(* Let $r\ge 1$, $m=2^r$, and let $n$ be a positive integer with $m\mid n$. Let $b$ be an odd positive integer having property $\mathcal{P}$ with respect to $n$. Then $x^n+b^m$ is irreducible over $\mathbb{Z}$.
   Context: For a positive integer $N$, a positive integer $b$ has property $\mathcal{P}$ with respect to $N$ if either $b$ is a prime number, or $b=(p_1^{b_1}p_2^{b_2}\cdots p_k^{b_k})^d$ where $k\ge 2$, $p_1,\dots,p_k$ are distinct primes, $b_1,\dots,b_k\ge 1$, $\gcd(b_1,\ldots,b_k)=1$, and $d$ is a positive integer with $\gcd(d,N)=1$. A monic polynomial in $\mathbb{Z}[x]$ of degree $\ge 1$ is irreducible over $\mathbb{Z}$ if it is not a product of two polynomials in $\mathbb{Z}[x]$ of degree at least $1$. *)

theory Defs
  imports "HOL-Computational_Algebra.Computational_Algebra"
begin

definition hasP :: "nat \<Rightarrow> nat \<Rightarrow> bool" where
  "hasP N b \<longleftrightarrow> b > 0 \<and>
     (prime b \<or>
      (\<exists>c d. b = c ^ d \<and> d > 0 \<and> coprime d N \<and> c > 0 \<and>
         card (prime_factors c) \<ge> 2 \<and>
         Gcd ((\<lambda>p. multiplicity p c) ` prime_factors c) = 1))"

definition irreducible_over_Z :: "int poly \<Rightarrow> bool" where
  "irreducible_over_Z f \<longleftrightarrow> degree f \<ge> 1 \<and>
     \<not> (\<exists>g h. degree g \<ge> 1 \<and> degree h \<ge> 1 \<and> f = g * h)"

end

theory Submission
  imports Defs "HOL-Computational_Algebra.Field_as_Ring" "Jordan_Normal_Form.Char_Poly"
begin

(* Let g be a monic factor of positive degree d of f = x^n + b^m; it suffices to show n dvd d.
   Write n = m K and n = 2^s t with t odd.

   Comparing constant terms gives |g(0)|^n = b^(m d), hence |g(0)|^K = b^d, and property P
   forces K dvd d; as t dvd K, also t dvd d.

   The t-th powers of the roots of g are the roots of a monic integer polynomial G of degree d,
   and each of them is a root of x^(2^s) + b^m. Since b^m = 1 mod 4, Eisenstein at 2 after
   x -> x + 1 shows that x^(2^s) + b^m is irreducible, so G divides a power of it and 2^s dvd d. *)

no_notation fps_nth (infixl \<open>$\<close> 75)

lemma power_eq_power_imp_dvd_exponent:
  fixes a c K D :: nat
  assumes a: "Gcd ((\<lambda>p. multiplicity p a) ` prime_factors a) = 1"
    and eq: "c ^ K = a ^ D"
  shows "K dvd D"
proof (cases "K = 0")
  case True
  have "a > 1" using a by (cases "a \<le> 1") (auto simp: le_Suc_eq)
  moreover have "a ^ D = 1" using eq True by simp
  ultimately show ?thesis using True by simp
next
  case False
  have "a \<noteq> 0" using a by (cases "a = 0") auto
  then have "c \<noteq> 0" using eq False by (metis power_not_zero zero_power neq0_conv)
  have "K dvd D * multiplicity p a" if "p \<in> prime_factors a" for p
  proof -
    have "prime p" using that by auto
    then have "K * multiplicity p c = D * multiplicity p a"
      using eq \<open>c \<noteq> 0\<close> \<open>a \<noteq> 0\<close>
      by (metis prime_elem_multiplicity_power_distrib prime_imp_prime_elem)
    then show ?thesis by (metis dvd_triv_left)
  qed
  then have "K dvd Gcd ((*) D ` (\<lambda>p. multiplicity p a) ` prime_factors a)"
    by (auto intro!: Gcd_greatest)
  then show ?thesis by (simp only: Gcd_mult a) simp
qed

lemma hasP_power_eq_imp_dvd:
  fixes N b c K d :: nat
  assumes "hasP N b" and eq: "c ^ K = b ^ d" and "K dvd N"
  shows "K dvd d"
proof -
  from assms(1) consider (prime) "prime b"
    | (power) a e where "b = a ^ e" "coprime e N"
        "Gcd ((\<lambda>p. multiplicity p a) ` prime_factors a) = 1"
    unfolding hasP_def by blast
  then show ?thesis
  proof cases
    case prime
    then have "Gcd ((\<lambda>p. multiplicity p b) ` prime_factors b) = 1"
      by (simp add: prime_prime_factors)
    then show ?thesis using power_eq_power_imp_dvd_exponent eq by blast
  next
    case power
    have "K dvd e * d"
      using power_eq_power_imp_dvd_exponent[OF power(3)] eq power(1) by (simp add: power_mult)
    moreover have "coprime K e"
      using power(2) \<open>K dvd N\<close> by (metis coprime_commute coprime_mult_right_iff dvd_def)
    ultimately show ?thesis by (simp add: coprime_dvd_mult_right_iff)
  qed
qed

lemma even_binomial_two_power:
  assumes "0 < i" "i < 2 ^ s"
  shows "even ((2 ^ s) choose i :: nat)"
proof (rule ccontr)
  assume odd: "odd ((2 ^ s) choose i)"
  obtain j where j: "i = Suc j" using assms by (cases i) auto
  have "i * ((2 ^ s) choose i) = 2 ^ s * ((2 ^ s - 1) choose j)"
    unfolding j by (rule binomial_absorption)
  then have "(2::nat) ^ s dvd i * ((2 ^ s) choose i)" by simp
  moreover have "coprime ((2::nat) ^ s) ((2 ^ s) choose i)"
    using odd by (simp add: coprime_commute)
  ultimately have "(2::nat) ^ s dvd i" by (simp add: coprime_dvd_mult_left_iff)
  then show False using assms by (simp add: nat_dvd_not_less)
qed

* [EXERCISE OBJECTIVE] Write the records out once more. Change nothing.

* [SOLUTION TO THIS TASK]
(* Let $r\ge 1$, $m=2^r$, and let $n$ be a positive integer with $m\mid n$. Let $b$ be an odd positive integer having property $\mathcal{P}$ with respect to $n$. Then $x^n+b^m$ is irreducible over $\mathbb{Z}$.
   Context: For a positive integer $N$, a positive integer $b$ has property $\mathcal{P}$ with respect to $N$ if either $b$ is a prime number, or $b=(p_1^{b_1}p_2^{b_2}\cdots p_k^{b_k})^d$ where $k\ge 2$, $p_1,\dots,p_k$ are distinct primes, $b_1,\dots,b_k\ge 1$, $\gcd(b_1,\ldots,b_k)=1$, and $d$ is a positive integer with $\gcd(d,N)=1$. A monic polynomial in $\mathbb{Z}[x]$ of degree $\ge 1$ is irreducible over $\mathbb{Z}$ if it is not a product of two polynomials in $\mathbb{Z}[x]$ of degree at least $1$. *)

theory Defs
  imports "HOL-Computational_Algebra.Computational_Algebra"
begin

definition hasP :: "nat \<Rightarrow> nat \<Rightarrow> bool" where
  "hasP N b \<longleftrightarrow> b > 0 \<and>
     (prime b \<or>
      (\<exists>c d. b = c ^ d \<and> d > 0 \<and> coprime d N \<and> c > 0 \<and>
         card (prime_factors c) \<ge> 2 \<and>
         Gcd ((\<lambda>p. multiplicity p c) ` prime_factors c) = 1))"

definition irreducible_over_Z :: "int poly \<Rightarrow> bool" where
  "irreducible_over_Z f \<longleftrightarrow> degree f \<ge> 1 \<and>
     \<not> (\<exists>g h. degree g \<ge> 1 \<and> degree h \<ge> 1 \<and> f = g * h)"

end

theory Submission
  imports Defs "HOL-Computational_Algebra.Field_as_Ring" "Jordan_Normal_Form.Char_Poly"
begin

(* Let g be a monic factor of positive degree d of f = x^n + b^m; it suffices to show n dvd d.
   Write n = m K and n = 2^s t with t odd.

   Comparing constant terms gives |g(0)|^n = b^(m d), hence |g(0)|^K = b^d, and property P
   forces K dvd d; as t dvd K, also t dvd d.

   The t-th powers of the roots of g are the roots of a monic integer polynomial G of degree d,
   and each of them is a root of x^(2^s) + b^m. Since b^m = 1 mod 4, Eisenstein at 2 after
   x -> x + 1 shows that x^(2^s) + b^m is irreducible, so G divides a power of it and 2^s dvd d. *)

no_notation fps_nth (infixl \<open>$\<close> 75)

lemma power_eq_power_imp_dvd_exponent:
  fixes a c K D :: nat
  assumes a: "Gcd ((\<lambda>p. multiplicity p a) ` prime_factors a) = 1"
    and eq: "c ^ K = a ^ D"
  shows "K dvd D"
proof (cases "K = 0")
  case True
  have "a > 1" using a by (cases "a \<le> 1") (auto simp: le_Suc_eq)
  moreover have "a ^ D = 1" using eq True by simp
  ultimately show ?thesis using True by simp
next
  case False
  have "a \<noteq> 0" using a by (cases "a = 0") auto
  then have "c \<noteq> 0" using eq False by (metis power_not_zero zero_power neq0_conv)
  have "K dvd D * multiplicity p a" if "p \<in> prime_factors a" for p
  proof -
    have "prime p" using that by auto
    then have "K * multiplicity p c = D * multiplicity p a"
      using eq \<open>c \<noteq> 0\<close> \<open>a \<noteq> 0\<close>
      by (metis prime_elem_multiplicity_power_distrib prime_imp_prime_elem)
    then show ?thesis by (metis dvd_triv_left)
  qed
  then have "K dvd Gcd ((*) D ` (\<lambda>p. multiplicity p a) ` prime_factors a)"
    by (auto intro!: Gcd_greatest)
  then show ?thesis by (simp only: Gcd_mult a) simp
qed

lemma hasP_power_eq_imp_dvd:
  fixes N b c K d :: nat
  assumes "hasP N b" and eq: "c ^ K = b ^ d" and "K dvd N"
  shows "K dvd d"
proof -
  from assms(1) consider (prime) "prime b"
    | (power) a e where "b = a ^ e" "coprime e N"
        "Gcd ((\<lambda>p. multiplicity p a) ` prime_factors a) = 1"
    unfolding hasP_def by blast
  then show ?thesis
  proof cases
    case prime
    then have "Gcd ((\<lambda>p. multiplicity p b) ` prime_factors b) = 1"
      by (simp add: prime_prime_factors)
    then show ?thesis using power_eq_power_imp_dvd_exponent eq by blast
  next
    case power
    have "K dvd e * d"
      using power_eq_power_imp_dvd_exponent[OF power(3)] eq power(1) by (simp add: power_mult)
    moreover have "coprime K e"
      using power(2) \<open>K dvd N\<close> by (metis coprime_commute coprime_mult_right_iff dvd_def)
    ultimately show ?thesis by (simp add: coprime_dvd_mult_right_iff)
  qed
qed

lemma even_binomial_two_power:
  assumes "0 < i" "i < 2 ^ s"
  shows "even ((2 ^ s) choose i :: nat)"
proof (rule ccontr)
  assume odd: "odd ((2 ^ s) choose i)"
  obtain j where j: "i = Suc j" using assms by (cases i) auto
  have "i * ((2 ^ s) choose i) = 2 ^ s * ((2 ^ s - 1) choose j)"
    unfolding j by (rule binomial_absorption)
  then have "(2::nat) ^ s dvd i * ((2 ^ s) choose i)" by simp
  moreover have "coprime ((2::nat) ^ s) ((2 ^ s) choose i)"
    using odd by (simp add: coprime_commute)
  ultimately have "(2::nat) ^ s dvd i" by (simp add: coprime_dvd_mult_left_iff)
  then show False using assms by (simp add: nat_dvd_not_less)
qed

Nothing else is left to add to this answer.